Seasonal Depression, also known as Seasonal Affective Disorder (SAD) is a type of depression related to the change of seasons. Seasonal depression can also mean depression that is brought on by the holiday season when people can feel alone, alienated, and depressed. Anxiety is also a component of Seasonal Affective Disorder and a co-morbidity of depression. 

If you suffer from seasonal depression, experts in psychiatry advise:

  1. Light therapy—The lack of sunshine can play a significant role in SAD. If you have been diagnosed with Seasonal Affective Disorder, your doctor might suggest that you try a lightbox. A lightbox stimulates your body’s circadian rhythm and suppresses the release of melatonin. Thirty minutes a day in front of a therapy light box might significantly ease the symptoms of fatigue, depression, and anxiety.
  2. Prescription anti-depressants—The decision to use antidepressant medication is one that should be made between you and your doctor. Your doctor should do a full screening and may recommend alternative therapies before the use of medication. If you are prescribed antidepressants, remember that they take time to work. You should ask your doctor how long it will take your body to reach a steady-state with the medication. If the medication does not work, do not give up hope. It can often take more than one try to find the right medication combination for you.
  3. Psychotherapy—Talk therapy and behavioral modification shows great promise in reducing depression. Whether used alone or as an adjunct to additional treatments, psychotherapy can help you to learn coping skills to deal with your feelings. 
  4. Aromatherapy—Aromatherapy is used to treat seasonal depression. The sense of smell is a powerful stimulant for releasing chemicals in the brain that impact our mood. Essential oils used in aromatherapy can promote relaxation, help control mood and promote healthy sleep habits. 

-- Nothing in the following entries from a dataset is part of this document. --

(* Let $\Psi_{\rm data}:\mathbb{R}^D\to\mathbb{R}$ be smooth, $m_{\rm prior}\in\mathbb{R}^D$, $\Sigma_{\rm prior}\in\mathbb{R}^{D\times D}$ symmetric positive definite. Consider the mean-field McKean--Vlasov SDE $${\rm d}\theta_\tau=-\Sigma_\tau\Big\{\nabla_\theta V_\tau(\theta_\tau)+\tfrac12\Sigma_{\rm prior}^{-1}(\theta_\tau+m_\tau-2m_{\rm prior})\Big\}{\rm d}\tau+\Sigma_\tau^{1/2}{\rm d}W_\tau,$$ where $W_\tau$ is standard $D$-dimensional Brownian motion, $\pi_\tau$ is the law of $\theta_\tau$ with mean $m_\tau$ and covariance $\Sigma_\tau$, and $V_\tau$ solves $\nabla_\theta\cdot(\pi_\tau\Sigma_\tau\nabla_\theta V_\tau)=-(\Psi_{\rm data}-\pi_\tau[\Psi_{\rm data}])\pi_\tau$. Then any stationary measure $\pi_\infty$ (with mean $m_\infty$ and covariance $\Sigma_\infty$) satisfies $$\frac12\nabla_\theta\cdot\Big(\pi_\infty\Sigma_\infty\big\{\nabla_\theta\log\pi_\infty+\Sigma_{\rm prior}^{-1}(\theta+m_\infty-2m_{\rm prior})\big\}\Big)=\pi_\infty(\Psi_{\rm data}-\pi_\infty[\Psi_{\rm data}]),$$ or, equivalently, for all (sufficiently regular, decaying) test functions $\phi:\mathbb{R}^D\to\mathbb{R}$, $$-\frac12\pi_\infty\Big[\nabla_\theta\phi\cdot\Sigma_\infty\big\{\nabla_\theta\log\pi_\infty+\Sigma_{\rm prior}^{-1}(\theta+m_\infty-2m_{\rm prior})\big\}\Big]=\pi_\infty\big[\phi\,(\Psi_{\rm data}-\pi_\infty[\Psi_{\rm data}])\big].$$
   Context: $\pi[f]$ denotes the expectation of $f$ under the PDF $\pi$. *)

theory Defs
  imports "HOL-Analysis.Analysis"
begin

definition partial :: "'n::finite \<Rightarrow> (real^'n \<Rightarrow> real) \<Rightarrow> real^'n \<Rightarrow> real" where
  "partial i f x = frechet_derivative f (at x) (axis i 1)"

definition grad :: "(real^'n::finite \<Rightarrow> real) \<Rightarrow> real^'n \<Rightarrow> real^'n" where
  "grad f x = (\<chi> i. partial i f x)"

definition hess :: "(real^'n::finite \<Rightarrow> real) \<Rightarrow> real^'n \<Rightarrow> real^'n^'n" where
  "hess f x = (\<chi> i j. partial j (partial i f) x)"

fun Ck :: "nat \<Rightarrow> (real^'n::finite \<Rightarrow> real) \<Rightarrow> bool" where
  "Ck 0 f = continuous_on UNIV f"
| "Ck (Suc k) f = ((\<forall>x. f differentiable (at x)) \<and> continuous_on UNIV f \<and> (\<forall>i. Ck k (partial i f)))"

definition smooth :: "(real^'n::finite \<Rightarrow> real) \<Rightarrow> bool" where
  "smooth f \<longleftrightarrow> (\<forall>k. Ck k f)"

definition test_fun :: "(real^'n::finite \<Rightarrow> real) \<Rightarrow> bool" where
  "test_fun \<phi> \<longleftrightarrow> smooth \<phi> \<and> (\<exists>K. compact K \<and> (\<forall>x. x \<notin> K \<longrightarrow> \<phi> x = 0))"

definition expect :: "(real^'n::finite \<Rightarrow> real) \<Rightarrow> (real^'n \<Rightarrow> real) \<Rightarrow> real" where
  "expect p f = (\<integral>x. p x * f x \<partial>lborel)"

definition mean :: "(real^'n::finite \<Rightarrow> real) \<Rightarrow> real^'n" where
  "mean p = (\<integral>x. p x *\<^sub>R x \<partial>lborel)"

definition cov :: "(real^'n::finite \<Rightarrow> real) \<Rightarrow> real^'n^'n" where
  "cov p = (\<integral>x. p x *\<^sub>R (\<chi> i j. (x - mean p)$i * (x - mean p)$j) \<partial>lborel)"

definition sym_posdef :: "real^'n^'n::finite \<Rightarrow> bool" where
  "sym_posdef A \<longleftrightarrow> transpose A = A \<and> (\<forall>x. x \<noteq> 0 \<longrightarrow> x \<bullet> (A *v x) > 0)"

definition drift :: "(real^'n::finite \<Rightarrow> real) \<Rightarrow> (real^'n \<Rightarrow> real) \<Rightarrow> real^'n^'n \<Rightarrow> real^'n
                     \<Rightarrow> real^'n \<Rightarrow> real^'n" where
  "drift p V Sp mp \<theta> = - (cov p *v (grad V \<theta> + (1/2) *\<^sub>R (matrix_inv Sp *v (\<theta> + mean p - 2 *\<^sub>R mp))))"

text \<open>Weak form of the equation  div(p Sigma grad V) = -(Psi - p[Psi]) p  defining V.\<close>

definition solves_V :: "(real^'n::finite \<Rightarrow> real) \<Rightarrow> (real^'n \<Rightarrow> real) \<Rightarrow> (real^'n \<Rightarrow> real) \<Rightarrow> bool" where
  "solves_V p Psi V \<longleftrightarrow> (\<forall>\<phi>. test_fun \<phi> \<longrightarrow>
      expect p (\<lambda>x. grad \<phi> x \<bullet> (cov p *v grad V x)) = expect p (\<lambda>x. \<phi> x * (Psi x - expect p Psi)))"

text \<open>Stationarity of the law p for the SDE  d theta = drift dt + Sigma^(1/2) dW  (generator
  L phi = grad phi . drift + 1/2 tr(Sigma Hess phi)), i.e. the weak stationary Fokker--Planck equation.\<close>

definition stationary :: "(real^'n::finite \<Rightarrow> real) \<Rightarrow> (real^'n \<Rightarrow> real) \<Rightarrow> real^'n^'n \<Rightarrow> real^'n
                           \<Rightarrow> (real^'n \<Rightarrow> real) \<Rightarrow> bool" where
  "stationary p V Sp mp Psi \<longleftrightarrow> solves_V p Psi V \<and> (\<forall>\<phi>. test_fun \<phi> \<longrightarrow>
      expect p (\<lambda>x. grad \<phi> x \<bullet> drift p V Sp mp x
                    + (1/2) * (\<Sum>i\<in>UNIV. \<Sum>j\<in>UNIV. cov p $ i $ j * hess \<phi> x $ i $ j)) = 0)"

end

theory Submission
  imports Defs
begin

(* The drift part contains
   p[grad phi . Sigma grad V], which the weak equation defining V identifies with
   p[phi (Psi - p[Psi])]; the diffusion part (1/2) p[Sigma : Hess phi] becomes
   -(1/2) p[grad phi . Sigma grad ln p] after integration by parts, because p grad ln p = grad p.
   Integration by parts against a test function comes down to the vanishing of the integral of
   a directional derivative of a compactly supported C^1 function. *)

lemma integrable_continuous_compact_support:
  fixes f :: "'a::euclidean_space \<Rightarrow> 'b::{banach, second_countable_topology}"
  assumes "continuous_on UNIV f" "compact K" "\<And>x. x \<notin> K \<Longrightarrow> f x = 0"
  shows "integrable lborel f"
proof -
  have "integrable lborel (\<lambda>x. indicator K x *\<^sub>R f x)"
    using assms(2) continuous_on_subset[OF assms(1) subset_UNIV] by (rule borel_integrable_compact)
  also have "(\<lambda>x. indicator K x *\<^sub>R f x) = f"
    using assms(3) by (auto simp: indicator_def)
  finally show ?thesis .
qed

  5. Exercise—Cold and gloomy weather tends to keep us indoors, reducing the amount of activity we get during the winter months. Not only is this bad for our bodies, but it can have an impact on our psychological health as well. Exercising outdoors is the best option, but on days where the weather prevents you from being outdoors, commit to using a gym or treadmill to keep your body moving. Exercise promotes health and the release of hormones in the brain that have a powerful effect on our mood.
  6. Natural light—Get as much exposure to natural light as possible. Bundle up and take a walk, even on cold days. Open up the blinds and curtains in your home to let in natural light. 
  7. Take a vitamin D supplement—studies have shown that low levels of vitamin D, common in the winter months, can lead to feelings of depression. Ask your doctor about checking your vitamin D levels and if they are low, consider adding a supplement. Adding a vitamin D supplement may help with your seasonal depression and also serves to help keep your bones healthy. 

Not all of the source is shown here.